Consider the following case: A person boarded a commercial plane. Apparently shortly after boarding, he had a conversation with the stewardess about the stowage of his briefcase. It seems she asked him to remove it from the overhead rack and place it in or under the seat. His reply was to the effect that, "It only has confidential papers and a bomb set to go off in 12 minutes; it can go off under the seat just as well." The stewardess failed to appreciate the humor of this remark and notified the pilot, who contacted the tower. Thereafter, the person was removed for interrogation by the F.B.I.

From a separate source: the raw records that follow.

(* Let $n\ge 2$, let $\psi\in\mathrm{Aut}(F_n)$, let $\Gamma=F_n/K$ be a finite characteristic quotient of $F_n$, and let $(X,x_1)\to(R_n,* )$ be the associated finite based cover, so that $\pi_1(X,x_1)\cong K$. If the automorphism of $\Gamma$ induced by $\psi$ is not the identity, then the automorphism of $H_1(X,\mathbb{Z})$ induced by $\psi$ is not the identity.
   Context: $F_n$ is the free group of rank $n\ge2$ with a fixed free basis $x_1,\dots,x_n$, identified with $\pi_1(R_n,* )$, where $R_n$ is the wedge of $n$ circles with wedge point $*$. A subgroup $K\le F_n$ is characteristic if $\psi(K)=K$ for all $\psi\in\mathrm{Aut}(F_n)$; then $\Gamma=F_n/K$ is a characteristic quotient and every $\psi\in\mathrm{Aut}(F_n)$ induces an automorphism of $\Gamma$. The based cover associated to a finite-index subgroup $K$ is the connected covering $p:(X,x_1)\to(R_n,* )$ with $p_*\pi_1(X,x_1)=K$; its deck group is $\Gamma$. The action of $\psi$ on $H_1(X,\mathbb{Z})$ is the automorphism of $K^{ab}\cong H_1(X,\mathbb{Z})$ induced by the restriction $\psi|_K:K\to K$ (equivalently, induced by the basepoint-preserving lift to $X$ of a based homotopy equivalence of $R_n$ realizing $\psi$). *)

theory Defs
  imports "HOL-Algebra.Algebra"
begin

text \<open>The free group F_n on the basis x_0,...,x_(n-1) (letter (i,True) = x_i,
  letter (i,False) = x_i inverse), realised as the group of reduced words.\<close>

type_synonym letter = "nat \<times> bool"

It's not that the stewardess is a grouch or that the F.B.I. doesn't enjoy a good joke, but the fact is that the action of the person in this case was in violation of 18 U.S.C. 35, which in pertinent part, reads as follows:

Whoever imparts or conveys ... false information, knowing the information to be false, concerning an attempt or alleged attempt being made or to be made, to do any act which would be a crime prohibited by this chapter (e.g., damaging or destroying an aircraft)... shall be fined not more than $1,000, or imprisoned not more than one year, or both.

Additional penalties are provided if the false information is given willfully and maliciously, or with a reckless disregard for the safety of human life.

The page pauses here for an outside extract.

(* Let $\lambda>0$, $f:\mathbb{R}^n\to\mathbb{R}$ twice continuously differentiable, $\varphi=f+\lambda\|\cdot\|_1$, and $x^0$ with $\mathcal{L}_\varphi(x^0)$ bounded and $f$ twice uniformly Lipschitz continuously differentiable on an open neighborhood of it. Suppose that at iteration $k$ of PGN2CM (described in the context) a Newton-CG step is invoked and the Capped CG method returns $d_{\rm type}=\mathrm{SOL}$. Define $g^{k+1}_{\neq0\varepsilon}:=(g(x^{k+1}))_{I^{k\varepsilon}_{\neq0}}$, where $I^{k\varepsilon}_{\neq0}=\{i:|x^k_i|>\varepsilon_g^{1/2}\}$. Then $j_k<+\infty$ and $$\varphi(x^k)-\varphi(x^{k+1})\ge c_{sol}\min\{\|g^{k+1}_{\neq0\varepsilon}\|^2\varepsilon_h^{-1},\varepsilon_h^3,\varepsilon_g\varepsilon_h\},$$ where $c_{sol}=\eta\min\Big\{\big(\frac{4}{\sqrt{(\zeta+4\hat\tau)^2+8L_H}+(\zeta+4\hat\tau)}\big)^2,\frac{9(1-\zeta-2\eta)^2\theta^2}{L_H^2},\theta^2,\frac{(1-\zeta)^2\theta^2}{4\max\{L_H/3,2\eta\}^2}\Big\}$.
   Context: Constants $L_g,L_H,U_g>0$ with, for $x,y\in\mathcal{L}_\varphi(x^0)=\{x:\varphi(x)\le\varphi(x^0)\}$: $\|\nabla^2f(x)(y-x)-(\nabla f(y)-\nabla f(x))\|\le\frac{L_H}2\|y-x\|^2$, $f(y)\le f(x)+\nabla f(x)^\top(y-x)+\frac12(y-x)^\top\nabla^2f(x)(y-x)+\frac{L_H}6\|y-x\|^3$, $\|\nabla f(x)\|\le U_g$, $\|\nabla^2f(x)\|\le L_g$. $\mathrm{sgn}(0)=1$. $g(x)_i=(\nabla f(x))_i+\lambda$ if $x_i>0$, $(\nabla f(x))_i-\lambda$ if $x_i<0$, $(\nabla f(x))_i-\min\{\max\{-\lambda,(\nabla f(x))_i\},\lambda\}$ if $x_i=0$. For $x$: $I^\varepsilon_0=\{i:|x_i|\le\varepsilon_g^{1/2}\}$, $I^\varepsilon_{\neq0}=\{i:|x_i|>\varepsilon_g^{1/2}\}$; $g^\varepsilon(x)_i=(\nabla f(x))_i+\lambda$ if $x_i>\varepsilon_g^{1/2}$, $(\nabla f(x))_i-\lambda$ if $x_i<-\varepsilon_g^{1/2}$, $(\nabla f(x))_i-\min\{\max\{-\lambda-\varepsilon_g^{3/4},(\nabla f(x))_i\},\lambda+\varepsilon_g^{3/4}\}$ otherwise. Capped CG (inputs symmetric $H$, $g$, $\epsilon$, $\zeta\in(0,1)$, $\delta$, $\bar\tau$, $M\ge0$): $\bar H=H+\bar\tau\|g\|^\delta I$, $\kappa=\frac{M+\bar\tau\|g\|^\delta}\epsilon$, $\hat\zeta=\frac\zeta{3\kappa}$, $\tau=\frac{\sqrt\kappa}{\sqrt\kappa+1}$, $T=\frac{4\kappa^4}{(1-\sqrt\tau)^2}$, $y_0=0,r_0=g,p_0=-g$; if $p_0^\top\bar Hp_0<\epsilon\|p_0\|^2$ return $(p_0,\mathrm{NC})$; if $\|Hp_0\|>M\|p_0\|$ update $M=\|Hp_0\|/\|p_0\|$ and $\kappa,\hat\zeta,\tau,T$. Loop: $\alpha_j=\|r_j\|^2/p_j^\top\bar Hp_j$, $y_{j+1}=y_j+\alpha_jp_j$, $r_{j+1}=r_j+\alpha_j\bar Hp_j$, $\beta_{j+1}=\|r_{j+1}\|^2/\|r_j\|^2$, $p_{j+1}=-r_{j+1}+\beta_{j+1}p_j$, $j\leftarrow j+1$; update $M$ whenever $\|Hv\|>M\|v\|$ for $v\in\{p_j,y_j,r_j\}$; then if $y_j^\top\bar Hy_j<\epsilon\|y_j\|^2$ return $(y_j,\mathrm{NC})$; elif $\|r_j\|\le\hat\zeta\|r_0\|$ return $(y_j,\mathrm{SOL})$; elif $p_j^\top\bar Hp_j<\epsilon\|p_j\|^2$ return $(p_j,\mathrm{NC})$; elif $\|r_j\|>\sqrt T\tau^{j/2}\|r_0\|$, compute $y_{j+1}$, find $i<j$ with $(y_{j+1}-y_i)^\top\bar H(y_{j+1}-y_i)<\epsilon\|y_{j+1}-y_i\|^2$ and return $(y_{j+1}-y_i,\mathrm{NC})$. Newton-CG step of PGN2CM (parameters $0<\varepsilon_g,\varepsilon_h<1$, $\delta\in[0,1]$, $\hat\tau\ge1$, $\zeta\in(0,1)$, $\eta\in(0,\frac{1-\zeta}2)$, $\theta\in(0,1)$), invoked at $x^k$ when [$I^\varepsilon_0(x^k)=\emptyset$ or $g^\varepsilon(x^k)$ vanishes on it], $I^{k\varepsilon}_{\neq0}\neq\emptyset$ and $\|g^\varepsilon(x^k)_{I^{k\varepsilon}_{\neq0}}\|>\varepsilon_g$: with $H^k_{\neq0\varepsilon}=(\nabla^2f(x^k))_{I^{k\varepsilon}_{\neq0}}$, $g^k_{\neq0\varepsilon}=g^\varepsilon(x^k)_{I^{k\varepsilon}_{\neq0}}$, $\tau_k\in[\frac{2\varepsilon_h}{\|g^k_{\neq0\varepsilon}\|^\delta},\frac{2\hat\tau\varepsilon_h}{\|g^k_{\neq0\varepsilon}\|^\delta}]$, call Capped CG$(H^k_{\neq0\varepsilon},g^k_{\neq0\varepsilon},\varepsilon_h,\zeta,\delta,\tau_k,M)$ to get $(d,d_{\rm type})$; $d^k=0$ on $I^\varepsilon_0(x^k)$, $d^k_{I^{k\varepsilon}_{\neq0}}=d$ if SOL (and $-\mathrm{sgn}(d^\top g^k_{\neq0\varepsilon})\frac{|d^\top H^k_{\neq0\varepsilon}d|}{\|d\|^2}\frac d{\|d\|}$ if NC); $x^{k+1}=x^k+\theta^{j_k}d^k$, $j_k$ the smallest nonnegative integer $j$ with $\varphi(x^k+\theta^jd^k)<\varphi(x^k)-\eta\theta^{2j}\varepsilon_h\|d^k\|^2$. The iterates lie in $\mathcal{L}_\varphi(x^0)$. *)

theory Defs
  imports "HOL-Analysis.Analysis"
begin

It has been argued, unsuccessfully, that the statute doesn't apply to such statements made in jest. In a case much like the one related, a passenger told the ticket agent that he had a bomb in his brief case. Investigation, after his apprehension by agents of the F.B.I., revealed that he did have a "bomb”—an aerosol can plainly marked “bug bomb." The court, in responding to his claim of innocent humor stated:

There is no doubt but what the statement that he had a bomb in his brief case was made in jest, but the peculiar sense of humor attributable to this defendant does not lessen the seriousness of the legal consequences of his acts.

The court continued:

It is obvious that Congress intended by this section [18 U.S.C. 35] to prohibit exactly what happened here. We cannot help but take judicial notice of similar situations elsewhere where individuals of a completely distorted sense of humor or pranksters with juvenile minds have caused expensive delays, investigations, hardships, and induced fear by such acts.

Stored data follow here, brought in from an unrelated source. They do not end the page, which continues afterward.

(* For every $k\ge1$ there exist polynomials $q_m^{(k)}(n)\in\mathbb Q[n]$, $1\le m\le k$, each of degree exactly $2m$ with positive leading coefficient, such that for all $n\ge3$ \[ \operatorname{rk}H^{2k}(\overline{\mathcal M}_{0,n},\mathbb Q)=\frac{(k+1)^{k-1}}{(k+1)!}(k+1)^n+\sum_{m=1}^k(-1)^m q_m^{(k)}(n)\,(k+1-m)^n. \]
   Context: $\overline{\mathcal M}_{0,n}$ is the moduli space of stable $n$-pointed rational curves over $\mathbb C$. Equivalently, $\operatorname{rk}H^{2k}(\overline{\mathcal M}_{0,n},\mathbb Q)$ is the coefficient of $t^k$ in $P_n(t)$, where $P_3=1$ and $P_n(t)=P_{n-1}(t)(1+t)+t\sum_{i=3}^{n-2}\binom{n-2}{i-1}P_i(t)P_{n+1-i}(t)$ for $n>3$. *)

theory Defs
  imports "HOL-Computational_Algebra.Polynomial"
begin

text \<open>Poincare polynomial P_n(t) of the moduli space M_{0,n} (bar), via the recursion
  P_3 = 1, P_n = P_{n-1} (1+t) + t * sum_{i=3}^{n-2} binom(n-2, i-1) P_i P_{n+1-i} for n > 3.
  For n < 3 the value is irrelevant (set to 0).\<close>
function poincare_M0 :: "nat \<Rightarrow> nat poly" where
  "poincare_M0 n =
     (if n < 3 then 0
      else if n = 3 then 1
      else poincare_M0 (n - 1) * [:1, 1:]
           + monom 1 1 * (\<Sum>i\<in>{3..n-2}. smult ((n - 2) choose (i - 1))
                 (poincare_M0 i * poincare_M0 (n + 1 - i))))"
  by auto
termination
  by (relation "measure id") auto

text \<open>rank of H^{2k}(M_{0,n} bar, Q) = coefficient of t^k in P_n(t).\<close>
definition rk_H :: "nat \<Rightarrow> nat \<Rightarrow> nat" where
  "rk_H n k = coeff (poincare_M0 n) k"

end

theory Submission
  imports Defs
begin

The point is this, if the meaning and effect of 18 U.S.C. 35 are not widely understood-and apparently they are not the word must be spread that the individual who thinks it would be riotously funny to say that he has a bomb in his luggage risks considerably more inconvenience to himself than just missing his plane. The federal authorities are not taking this lightly and are prosecuting practically all cases of this kind. Don't let it happen to you-or any member of your command.

1. As amended by act 3 Oct 61, Pub. Law 87-338, 75 Stat. 751.

2. United States v. Silver, 196 F. Supp. 677 (D.C. Pa. 1961); accord, United States v. Allen, 317 F. 2d 777 (2d Cir. 1963).